## [Extracted data]
(* Let $X,Y$ be finite-dimensional real Euclidean spaces, $g:X\to(-\infty,+\infty]$ and $f:Y\to(-\infty,+\infty]$ proper closed convex functions, $f^*$ the convex conjugate of $f$, $K:X\to Y$ a linear operator with $L=\|K\|$, and assume the saddle point problem $\min_{x\in X}\max_{y\in Y} \mathcal{L}(x,y)=g(x)+\langle Kx,y\rangle-f^*(y)$ has at least one saddle point. Let $\{a_k\}_{k\ge1},\{b_k\}_{k\ge1}\subset(0,1)$ be monotonically non-increasing sequences, let $\tau,\sigma>0$ satisfy $\sqrt{\sigma\tau}\,L<1-a_k$ and $\sqrt{\sigma\tau}\,L<1-b_k$ for all $k$, and let $\theta=1$. Given $(x_0,y_1)\in X\times Y$, set $x_0^{ag}=x_0=x_{-1}$, $y_1^{ag}=y_1$, and for $k=1,2,\dots$ compute $$x_k^{ag}=(1-a_k)x_{k-1}^{ag}+a_kx_{k-1},\qquad y_{k+1}^{ag}=(1-b_{k+1})y_k^{ag}+b_{k+1}y_k,$$ $$x_k^{md}=(1-a_k)x_{k-1}+a_kx_k^{ag},\qquad y_{k+1}^{md}=(1-b_{k+1})y_k+b_{k+1}y_{k+1}^{ag},$$ $$x_k=\mathrm{Prox}_{\tau g}(x_k^{md}-\tau K^Ty_k),\quad \bar x_k=x_k+\theta(x_k-x_{k-1}),\quad y_{k+1}=\mathrm{Prox}_{\sigma f^*}(y_{k+1}^{md}+\sigma K\bar x_k).$$ Then the sequence $\{(x_k,y_k)\}$ converges to a saddle point of $\mathcal{L}$.
   Context: For a proper closed convex $h$ and $\lambda>0$, $\mathrm{Prox}_{\lambda h}(x)=\arg\min_{z}\{h(z)+\frac{1}{2\lambda}\|z-x\|^2\}$. $K^T$ denotes the adjoint of $K$ and $\|K\|$ its operator (spectral) norm. A saddle point $(\hat x,\hat y)$ of $\mathcal{L}$ is a pair with $\mathcal{L}(\hat x,y)\le\mathcal{L}(\hat x,\hat y)\le\mathcal{L}(x,\hat y)$ for all $(x,y)\in X\times Y$. This iteration is called NPDA in the paper. *)

theory Defs
  imports "HOL-Analysis.Analysis"
begin

definition epigraph_e :: "('a \<Rightarrow> ereal) \<Rightarrow> ('a \<times> real) set" where
  "epigraph_e h = {(x, r). h x \<le> ereal r}"

definition proper_fun :: "('a \<Rightarrow> ereal) \<Rightarrow> bool" where
  "proper_fun h \<longleftrightarrow> (\<forall>x. h x \<noteq> -\<infinity>) \<and> (\<exists>x. h x < \<infinity>)"

definition convex_fun :: "('a::real_vector \<Rightarrow> ereal) \<Rightarrow> bool" where
  "convex_fun h \<longleftrightarrow> convex (epigraph_e h)"

definition closed_fun :: "('a::topological_space \<Rightarrow> ereal) \<Rightarrow> bool" where
  "closed_fun h \<longleftrightarrow> closed (epigraph_e h)"

definition conj_fun :: "('a::real_inner \<Rightarrow> ereal) \<Rightarrow> 'a \<Rightarrow> ereal" where
  "conj_fun h y = (SUP x. ereal (x \<bullet> y) - h x)"

definition prox :: "real \<Rightarrow> ('a::real_normed_vector \<Rightarrow> ereal) \<Rightarrow> 'a \<Rightarrow> 'a" where
  "prox lam h x = (SOME z. \<forall>w. h z + ereal (norm (z - x)^2 / (2 * lam))
                                 \<le> h w + ereal (norm (w - x)^2 / (2 * lam)))"

definition lagr :: "('a \<Rightarrow> ereal) \<Rightarrow> ('b \<Rightarrow> ereal) \<Rightarrow> ('a \<Rightarrow> 'b::real_inner) \<Rightarrow> 'a \<Rightarrow> 'b \<Rightarrow> ereal" where
  "lagr g f K x y = g x + ereal (K x \<bullet> y) - conj_fun f y"

definition saddle_point :: "('a \<Rightarrow> 'b \<Rightarrow> ereal) \<Rightarrow> 'a \<Rightarrow> 'b \<Rightarrow> bool" where
  "saddle_point L xh yh \<longleftrightarrow> (\<forall>x y. L xh y \<le> L xh yh \<and> L xh yh \<le> L x yh)"

end

theory Submission
  imports Defs
begin

(* Fix a KKT point (xh, yh) and put \<kappa> = sqrt (\<sigma> \<tau>) |K|. The Lyapunov function
     (|x_k - xh|^2 + (1 - a_k) |xag_k - xh|^2 + \<kappa> |x_k - x_(k-1)|^2) / (2 \<tau>)
       + (|y_k - yh|^2 + (1 - b_k) |yag_k - yh|^2) / (2 \<sigma>) + <K (x_k - x_(k-1)), y_k - yh>
   dominates the distances to (xh, yh) because \<kappa> < 1 - a_k and \<kappa> < 1 - b_k. Adding the prox
   inequalities of one step to the subgradient inequalities of (xh, yh) shows that it decreases by a
   dissipation term controlling |x_(k+1) - x_k|^2, |y_(k+1) - y_k|^2 and the averaging gaps, up to a
   relative error caused by the decrease of a_k and b_k, which is summable. Hence the Lyapunov
   function converges, the iterates are bounded and asymptotically regular, and the closedness of
   the epigraphs makes every limit point a KKT point. For two KKT points the difference of their
   Lyapunov functions is affine in x_k + (1 - a_k) xag_k and y_k + (1 - b_k) yag_k; since xag_k
   averages the x_j, convergence of such a combination in a fixed direction forces convergence of the
   x_k themselves in that direction, so the limit point is unique (an Opial-type argument). *)

section \<open>Closed convex functions and their conjugates\<close>

lemma mem_epigraph_e [simp]: "(x, r) \<in> epigraph_e h \<longleftrightarrow> h x \<le> ereal r"
  by (simp add: epigraph_e_def)

lemma closed_fun_le_limit:
  fixes h :: "'a::topological_space \<Rightarrow> ereal"
  assumes "closed_fun h" "w \<longlonglongrightarrow> w0" "r \<longlonglongrightarrow> r0" "\<And>n. h (w n) \<le> ereal (r n)"
  shows "h w0 \<le> ereal r0"
proof -
  have "(w0, r0) \<in> epigraph_e h"
    using assms(1) unfolding closed_fun_def
    by (rule closed_sequentially[of _ "\<lambda>n. (w n, r n)"]) (use assms(2-4) in \<open>auto intro: tendsto_Pair\<close>)
  then show ?thesis by simp
qed

lemma closed_fun_add_le_limit:
  fixes h :: "'a::topological_space \<Rightarrow> ereal"
  assumes "closed_fun h" "proper_fun h" "u \<longlonglongrightarrow> u0" "t \<longlonglongrightarrow> t0"
    and "\<And>n. h (u n) + ereal (t n) \<le> h w"
  shows "h u0 + ereal t0 \<le> h w"
proof (cases "h w")
  case (real W)
  have "h (u n) \<le> ereal (W - t n)" for n
    using assms(5)[of n] real by (cases "h (u n)") auto
  moreover have "(\<lambda>n. W - t n) \<longlonglongrightarrow> W - t0" by (intro tendsto_intros assms(4))
  ultimately have "h u0 \<le> ereal (W - t0)" using closed_fun_le_limit[OF assms(1,3)] by blast
  then show ?thesis using real assms(2) unfolding proper_fun_def by (cases "h u0") auto
next
  case MInf
  then show ?thesis using assms(2) unfolding proper_fun_def by auto
qed simp

lemma convex_funD:
  fixes h :: "'a::real_vector \<Rightarrow> ereal"
  assumes "convex_fun h" "h z \<le> ereal p" "h w \<le> ereal s" "0 \<le> t" "t \<le> 1"
  shows "h ((1 - t) *\<^sub>R z + t *\<^sub>R w) \<le> ereal ((1 - t) * p + t * s)"
proof -
  have "(1 - t) *\<^sub>R (z, p) + t *\<^sub>R (w, s) \<in> epigraph_e h"
    using assms unfolding convex_fun_def by (intro convexD) auto
  then show ?thesis by simp
qed

lemma proper_fun_real:
  assumes "proper_fun h" "h x \<noteq> \<infinity>"
  shows "h x = ereal (real_of_ereal (h x))"
  using assms unfolding proper_fun_def by (cases "h x") auto

lemma proper_funE:
  assumes "proper_fun h"
  obtains x0 c where "h x0 = ereal c"
proof -
  obtain x0 where "h x0 < \<infinity>" "h x0 \<noteq> -\<infinity>" using assms unfolding proper_fun_def by auto
  then show thesis using that by (cases "h x0") auto
qed

text \<open>Separating a point strictly below the graph from the closed convex epigraph yields a
  non-vertical hyperplane, i.e. an affine minorant.\<close>

lemma affine_minorant_exists:
  fixes h :: "'a::euclidean_space \<Rightarrow> ereal"
  assumes "proper_fun h" "convex_fun h" "closed_fun h"
  obtains a c where "\<And>x. ereal (a \<bullet> x + c) \<le> h x"
proof -
  obtain x0 c0 where x0: "h x0 = ereal c0" using proper_funE[OF assms(1)] .
  have "(x0, c0 - 1) \<notin> epigraph_e h" using x0 by simp
  then obtain p \<beta> where p: "p \<bullet> (x0, c0 - 1) < \<beta>" "\<forall>z\<in>epigraph_e h. \<beta> < p \<bullet> z"
    using separating_hyperplane_closed_point assms(2,3) unfolding convex_fun_def closed_fun_def
    by blast
  obtain a1 a2 where a: "p = (a1, a2)" by (cases p)
  have "(x0, c0) \<in> epigraph_e h" using x0 by simp
  then have "a1 \<bullet> x0 + a2 * (c0 - 1) < a1 \<bullet> x0 + a2 * c0" using p a by fastforce
  then have a2: "a2 > 0" by (simp add: algebra_simps)
  have "ereal ((- (1 / a2) *\<^sub>R a1) \<bullet> x + \<beta> / a2) \<le> h x" for x
  proof (cases "h x")
    case (real c)
    then have "\<beta> < a1 \<bullet> x + a2 * c" using p(2)[rule_format, of "(x, c)"] a by simp
    then have "(- (1 / a2) *\<^sub>R a1) \<bullet> x + \<beta> / a2 \<le> c" using a2 by (simp add: field_simps)
    then show ?thesis using real by simp
  qed (use assms(1) in \<open>auto simp: proper_fun_def\<close>)
  then show thesis by (rule that)
qed

lemma conj_fun_ge:
  assumes "f x0 = ereal c"
  shows "ereal (x0 \<bullet> y - c) \<le> conj_fun f y"
proof -
  have "ereal (x0 \<bullet> y) - f x0 \<le> conj_fun f y"
    unfolding conj_fun_def by (rule SUP_upper) simp
  then show ?thesis using assms by simp
qed

lemma conj_fun_le_of_minorant:
  assumes "\<And>x. ereal (a \<bullet> x + c) \<le> f x"
  shows "conj_fun f a \<le> ereal (- c)"
  unfolding conj_fun_def
proof (rule SUP_least)
  fix x
  show "ereal (x \<bullet> a) - f x \<le> ereal (- c)"
    using assms[of x] by (cases "f x") (auto simp: inner_commute)
qed

lemma epigraph_conj_fun:
  assumes "\<And>x. f x \<noteq> -\<infinity>"
  shows "epigraph_e (conj_fun f) =
    (\<Inter>x\<in>{x. f x \<noteq> \<infinity>}. {p. (x, -1::real) \<bullet> p \<le> real_of_ereal (f x)})"
proof (intro set_eqI)
  fix p :: "'a \<times> real"
  obtain y r where p: "p = (y, r)" by (cases p)
  have "p \<in> epigraph_e (conj_fun f) \<longleftrightarrow> (\<forall>x. ereal (x \<bullet> y) - f x \<le> ereal r)"
    unfolding p mem_epigraph_e conj_fun_def by (simp add: SUP_le_iff)
  also have "\<dots> \<longleftrightarrow> (\<forall>x\<in>{x. f x \<noteq> \<infinity>}. (x, -1::real) \<bullet> p \<le> real_of_ereal (f x))"
  proof (intro iffI ballI allI)
    fix x
    assume "\<forall>x. ereal (x \<bullet> y) - f x \<le> ereal r" and x: "x \<in> {x. f x \<noteq> \<infinity>}"
    then have "ereal (x \<bullet> y) - f x \<le> ereal r" by blast
    then show "(x, -1::real) \<bullet> p \<le> real_of_ereal (f x)"
      using assms[of x] p x by (cases "f x") auto
  next
    fix x
    assume H: "\<forall>x\<in>{x. f x \<noteq> \<infinity>}. (x, -1::real) \<bullet> p \<le> real_of_ereal (f x)"
    show "ereal (x \<bullet> y) - f x \<le> ereal r"
      using assms[of x] p H[rule_format, of x] by (cases "f x") auto
  qed
  finally show "p \<in> epigraph_e (conj_fun f) \<longleftrightarrow>
      p \<in> (\<Inter>x\<in>{x. f x \<noteq> \<infinity>}. {p. (x, -1::real) \<bullet> p \<le> real_of_ereal (f x)})"
    by simp
qed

## [What to work on]
Print, from the entries above, the line with "by (rule closed_sequentially[of", the line with "ereal (t n)" and all lines between them, exactly and with nothing else.

## [Written response]
    by (rule closed_sequentially[of _ "\<lambda>n. (w n, r n)"]) (use assms(2-4) in \<open>auto intro: tendsto_Pair\<close>)
  then show ?thesis by simp
qed

lemma closed_fun_add_le_limit:
  fixes h :: "'a::topological_space \<Rightarrow> ereal"
  assumes "closed_fun h" "proper_fun h" "u \<longlonglongrightarrow> u0" "t \<longlonglongrightarrow> t0"
    and "\<And>n. h (u n) + ereal (t n) \<le> h w"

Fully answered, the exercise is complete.